Within the data below, find the string "exists" and return each line where it occurs.

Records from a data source
════════════════

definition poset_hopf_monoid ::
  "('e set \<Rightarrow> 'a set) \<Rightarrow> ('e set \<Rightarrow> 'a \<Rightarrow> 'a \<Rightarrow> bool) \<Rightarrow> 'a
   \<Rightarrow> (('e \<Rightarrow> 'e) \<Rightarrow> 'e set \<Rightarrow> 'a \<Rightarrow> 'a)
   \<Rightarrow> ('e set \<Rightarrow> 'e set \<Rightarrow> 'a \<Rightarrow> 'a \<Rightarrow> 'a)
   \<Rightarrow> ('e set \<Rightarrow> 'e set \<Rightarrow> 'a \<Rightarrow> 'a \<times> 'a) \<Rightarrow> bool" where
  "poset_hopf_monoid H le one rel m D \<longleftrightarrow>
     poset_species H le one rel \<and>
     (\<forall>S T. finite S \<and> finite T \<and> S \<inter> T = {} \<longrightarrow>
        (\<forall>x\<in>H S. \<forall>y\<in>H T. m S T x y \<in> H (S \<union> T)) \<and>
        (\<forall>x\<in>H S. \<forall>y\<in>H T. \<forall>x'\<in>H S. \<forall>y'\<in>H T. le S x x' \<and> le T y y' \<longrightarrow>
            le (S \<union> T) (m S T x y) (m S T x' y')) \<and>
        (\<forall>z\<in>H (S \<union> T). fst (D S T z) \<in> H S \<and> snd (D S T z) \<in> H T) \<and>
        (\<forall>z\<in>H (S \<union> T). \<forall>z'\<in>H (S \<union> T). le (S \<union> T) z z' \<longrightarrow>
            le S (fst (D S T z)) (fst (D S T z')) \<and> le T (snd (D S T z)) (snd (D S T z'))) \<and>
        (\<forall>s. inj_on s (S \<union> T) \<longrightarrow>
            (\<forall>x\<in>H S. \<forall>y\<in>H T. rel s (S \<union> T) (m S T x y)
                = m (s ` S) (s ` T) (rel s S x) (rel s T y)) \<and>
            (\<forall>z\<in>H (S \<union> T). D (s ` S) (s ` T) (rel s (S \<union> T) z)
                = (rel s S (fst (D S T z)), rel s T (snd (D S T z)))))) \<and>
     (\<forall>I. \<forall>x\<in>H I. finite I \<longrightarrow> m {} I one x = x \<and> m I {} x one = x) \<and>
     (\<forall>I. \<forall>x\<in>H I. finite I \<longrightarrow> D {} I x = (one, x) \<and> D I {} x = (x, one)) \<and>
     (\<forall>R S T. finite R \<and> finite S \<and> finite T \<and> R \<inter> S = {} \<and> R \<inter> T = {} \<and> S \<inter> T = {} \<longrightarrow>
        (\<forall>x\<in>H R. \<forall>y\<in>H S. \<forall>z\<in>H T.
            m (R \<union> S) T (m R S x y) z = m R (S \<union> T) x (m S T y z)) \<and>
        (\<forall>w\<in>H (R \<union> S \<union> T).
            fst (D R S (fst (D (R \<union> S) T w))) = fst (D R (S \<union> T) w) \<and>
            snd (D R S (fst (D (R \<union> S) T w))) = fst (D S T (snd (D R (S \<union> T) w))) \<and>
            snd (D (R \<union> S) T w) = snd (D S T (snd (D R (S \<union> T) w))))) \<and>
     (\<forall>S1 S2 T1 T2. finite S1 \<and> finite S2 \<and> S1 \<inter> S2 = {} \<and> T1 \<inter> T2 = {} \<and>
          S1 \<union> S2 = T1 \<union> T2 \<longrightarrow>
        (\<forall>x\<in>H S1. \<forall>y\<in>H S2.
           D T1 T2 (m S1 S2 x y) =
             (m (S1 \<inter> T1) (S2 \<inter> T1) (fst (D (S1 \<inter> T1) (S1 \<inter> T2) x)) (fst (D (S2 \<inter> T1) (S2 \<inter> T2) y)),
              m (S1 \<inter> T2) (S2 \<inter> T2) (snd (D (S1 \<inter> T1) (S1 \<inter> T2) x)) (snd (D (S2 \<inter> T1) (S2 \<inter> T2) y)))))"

════════════════

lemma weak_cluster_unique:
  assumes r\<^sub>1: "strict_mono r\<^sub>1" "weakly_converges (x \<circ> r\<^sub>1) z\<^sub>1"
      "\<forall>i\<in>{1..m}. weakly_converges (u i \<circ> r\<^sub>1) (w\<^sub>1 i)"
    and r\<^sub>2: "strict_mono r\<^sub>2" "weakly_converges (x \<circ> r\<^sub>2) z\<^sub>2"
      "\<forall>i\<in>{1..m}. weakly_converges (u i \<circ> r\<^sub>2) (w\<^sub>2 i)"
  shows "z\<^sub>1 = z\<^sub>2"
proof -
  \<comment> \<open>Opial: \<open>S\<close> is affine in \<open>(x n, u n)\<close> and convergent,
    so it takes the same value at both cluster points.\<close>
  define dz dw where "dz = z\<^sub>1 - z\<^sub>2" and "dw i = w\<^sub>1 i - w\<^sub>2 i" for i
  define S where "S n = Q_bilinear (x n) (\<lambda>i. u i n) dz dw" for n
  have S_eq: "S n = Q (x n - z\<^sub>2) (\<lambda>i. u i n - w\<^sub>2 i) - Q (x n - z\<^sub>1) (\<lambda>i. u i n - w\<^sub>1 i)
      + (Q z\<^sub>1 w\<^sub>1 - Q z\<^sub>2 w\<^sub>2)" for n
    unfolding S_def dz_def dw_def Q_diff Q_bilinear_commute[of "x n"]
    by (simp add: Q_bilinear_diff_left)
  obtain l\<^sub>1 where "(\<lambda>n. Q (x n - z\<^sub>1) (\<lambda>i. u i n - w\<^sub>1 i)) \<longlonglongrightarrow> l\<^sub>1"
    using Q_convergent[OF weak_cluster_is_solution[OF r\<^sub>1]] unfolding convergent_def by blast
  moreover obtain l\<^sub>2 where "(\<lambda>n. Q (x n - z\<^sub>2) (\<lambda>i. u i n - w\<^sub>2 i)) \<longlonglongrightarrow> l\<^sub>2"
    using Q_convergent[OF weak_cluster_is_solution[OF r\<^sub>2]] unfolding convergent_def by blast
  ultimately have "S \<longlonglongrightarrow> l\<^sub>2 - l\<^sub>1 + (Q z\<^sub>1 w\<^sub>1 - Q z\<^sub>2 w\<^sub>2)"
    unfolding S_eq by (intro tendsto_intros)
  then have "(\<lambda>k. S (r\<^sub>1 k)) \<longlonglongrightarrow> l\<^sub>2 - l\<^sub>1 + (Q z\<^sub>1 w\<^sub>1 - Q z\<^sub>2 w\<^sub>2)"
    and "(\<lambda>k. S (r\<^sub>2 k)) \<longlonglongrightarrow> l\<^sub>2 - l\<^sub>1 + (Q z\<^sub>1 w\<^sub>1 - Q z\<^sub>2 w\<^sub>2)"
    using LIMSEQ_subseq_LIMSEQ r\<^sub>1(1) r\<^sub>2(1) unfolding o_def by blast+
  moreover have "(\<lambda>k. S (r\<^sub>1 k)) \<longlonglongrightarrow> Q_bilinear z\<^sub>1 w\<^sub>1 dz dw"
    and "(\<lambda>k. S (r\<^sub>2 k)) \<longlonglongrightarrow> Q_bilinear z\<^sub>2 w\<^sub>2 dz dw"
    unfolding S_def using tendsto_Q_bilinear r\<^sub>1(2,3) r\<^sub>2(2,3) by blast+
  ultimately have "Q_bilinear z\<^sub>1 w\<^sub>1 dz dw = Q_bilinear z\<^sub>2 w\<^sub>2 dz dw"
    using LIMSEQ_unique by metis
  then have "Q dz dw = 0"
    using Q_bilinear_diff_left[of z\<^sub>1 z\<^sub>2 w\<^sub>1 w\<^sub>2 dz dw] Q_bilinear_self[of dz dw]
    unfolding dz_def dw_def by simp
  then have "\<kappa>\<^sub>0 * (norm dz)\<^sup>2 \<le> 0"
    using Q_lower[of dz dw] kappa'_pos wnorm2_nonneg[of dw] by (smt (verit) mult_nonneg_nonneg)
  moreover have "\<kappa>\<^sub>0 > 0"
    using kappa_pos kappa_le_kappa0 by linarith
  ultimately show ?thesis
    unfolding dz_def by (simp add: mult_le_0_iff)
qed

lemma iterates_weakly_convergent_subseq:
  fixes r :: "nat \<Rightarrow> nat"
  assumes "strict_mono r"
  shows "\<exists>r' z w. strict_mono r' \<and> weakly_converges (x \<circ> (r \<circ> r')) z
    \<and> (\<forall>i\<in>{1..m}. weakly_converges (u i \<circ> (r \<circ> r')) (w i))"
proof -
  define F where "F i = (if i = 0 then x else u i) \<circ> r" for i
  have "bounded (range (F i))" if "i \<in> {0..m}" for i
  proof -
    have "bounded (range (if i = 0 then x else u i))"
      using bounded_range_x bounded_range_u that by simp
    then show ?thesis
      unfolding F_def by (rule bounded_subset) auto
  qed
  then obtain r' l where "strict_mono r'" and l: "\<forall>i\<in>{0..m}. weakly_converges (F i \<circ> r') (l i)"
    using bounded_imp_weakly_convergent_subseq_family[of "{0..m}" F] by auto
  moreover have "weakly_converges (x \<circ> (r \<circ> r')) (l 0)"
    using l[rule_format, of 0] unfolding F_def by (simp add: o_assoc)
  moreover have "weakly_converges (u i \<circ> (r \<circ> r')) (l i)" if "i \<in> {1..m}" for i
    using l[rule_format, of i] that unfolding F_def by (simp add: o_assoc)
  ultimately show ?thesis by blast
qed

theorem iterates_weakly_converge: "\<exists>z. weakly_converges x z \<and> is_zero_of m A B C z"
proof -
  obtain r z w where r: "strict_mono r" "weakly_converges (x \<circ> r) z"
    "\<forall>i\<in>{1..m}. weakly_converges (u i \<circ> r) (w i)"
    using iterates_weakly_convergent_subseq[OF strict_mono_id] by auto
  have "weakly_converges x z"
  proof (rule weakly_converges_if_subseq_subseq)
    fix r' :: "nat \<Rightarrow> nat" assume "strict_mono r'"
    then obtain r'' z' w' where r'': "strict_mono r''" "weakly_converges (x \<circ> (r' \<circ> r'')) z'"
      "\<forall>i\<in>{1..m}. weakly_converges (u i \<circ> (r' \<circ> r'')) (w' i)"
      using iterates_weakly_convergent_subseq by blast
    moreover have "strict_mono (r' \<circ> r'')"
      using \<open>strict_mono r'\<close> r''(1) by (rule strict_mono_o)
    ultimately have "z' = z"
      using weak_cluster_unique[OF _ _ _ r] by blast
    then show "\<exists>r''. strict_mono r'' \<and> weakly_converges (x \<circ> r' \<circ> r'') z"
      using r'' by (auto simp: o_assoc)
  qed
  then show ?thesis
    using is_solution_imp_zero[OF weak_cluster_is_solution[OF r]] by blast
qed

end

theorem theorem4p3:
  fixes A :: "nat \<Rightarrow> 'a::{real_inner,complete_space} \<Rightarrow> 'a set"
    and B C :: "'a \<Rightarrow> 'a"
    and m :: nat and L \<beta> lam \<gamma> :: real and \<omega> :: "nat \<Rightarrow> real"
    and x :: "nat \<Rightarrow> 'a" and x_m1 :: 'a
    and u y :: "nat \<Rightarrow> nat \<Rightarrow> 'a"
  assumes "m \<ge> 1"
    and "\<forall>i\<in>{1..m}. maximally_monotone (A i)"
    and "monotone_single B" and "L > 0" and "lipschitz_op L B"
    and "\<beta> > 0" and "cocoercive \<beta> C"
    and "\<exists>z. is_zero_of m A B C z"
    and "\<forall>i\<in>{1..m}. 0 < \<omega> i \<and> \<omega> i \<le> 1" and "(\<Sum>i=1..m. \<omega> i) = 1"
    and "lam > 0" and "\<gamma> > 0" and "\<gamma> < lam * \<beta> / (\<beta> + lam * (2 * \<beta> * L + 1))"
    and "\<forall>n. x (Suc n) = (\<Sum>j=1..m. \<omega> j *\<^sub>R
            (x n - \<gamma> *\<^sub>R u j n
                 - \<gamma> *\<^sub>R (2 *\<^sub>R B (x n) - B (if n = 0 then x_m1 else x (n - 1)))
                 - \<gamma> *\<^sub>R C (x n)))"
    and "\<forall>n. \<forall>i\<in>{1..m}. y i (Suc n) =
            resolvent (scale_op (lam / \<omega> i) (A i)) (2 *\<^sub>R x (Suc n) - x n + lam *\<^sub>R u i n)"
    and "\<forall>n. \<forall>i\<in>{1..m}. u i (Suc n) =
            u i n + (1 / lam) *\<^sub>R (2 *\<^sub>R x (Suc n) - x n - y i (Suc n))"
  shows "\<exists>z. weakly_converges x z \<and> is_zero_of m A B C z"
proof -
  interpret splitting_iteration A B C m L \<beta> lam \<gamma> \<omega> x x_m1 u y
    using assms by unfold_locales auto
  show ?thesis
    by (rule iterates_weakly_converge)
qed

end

════════════════

- Expected output
  shows "\<exists>r' z w. strict_mono r' \<and> weakly_converges (x \<circ> (r \<circ> r')) z
theorem iterates_weakly_converge: "\<exists>z. weakly_converges x z \<and> is_zero_of m A B C z"
    then show "\<exists>r''. strict_mono r'' \<and> weakly_converges (x \<circ> r' \<circ> r'') z"
    and "\<exists>z. is_zero_of m A B C z"
  shows "\<exists>z. weakly_converges x z \<and> is_zero_of m A B C z"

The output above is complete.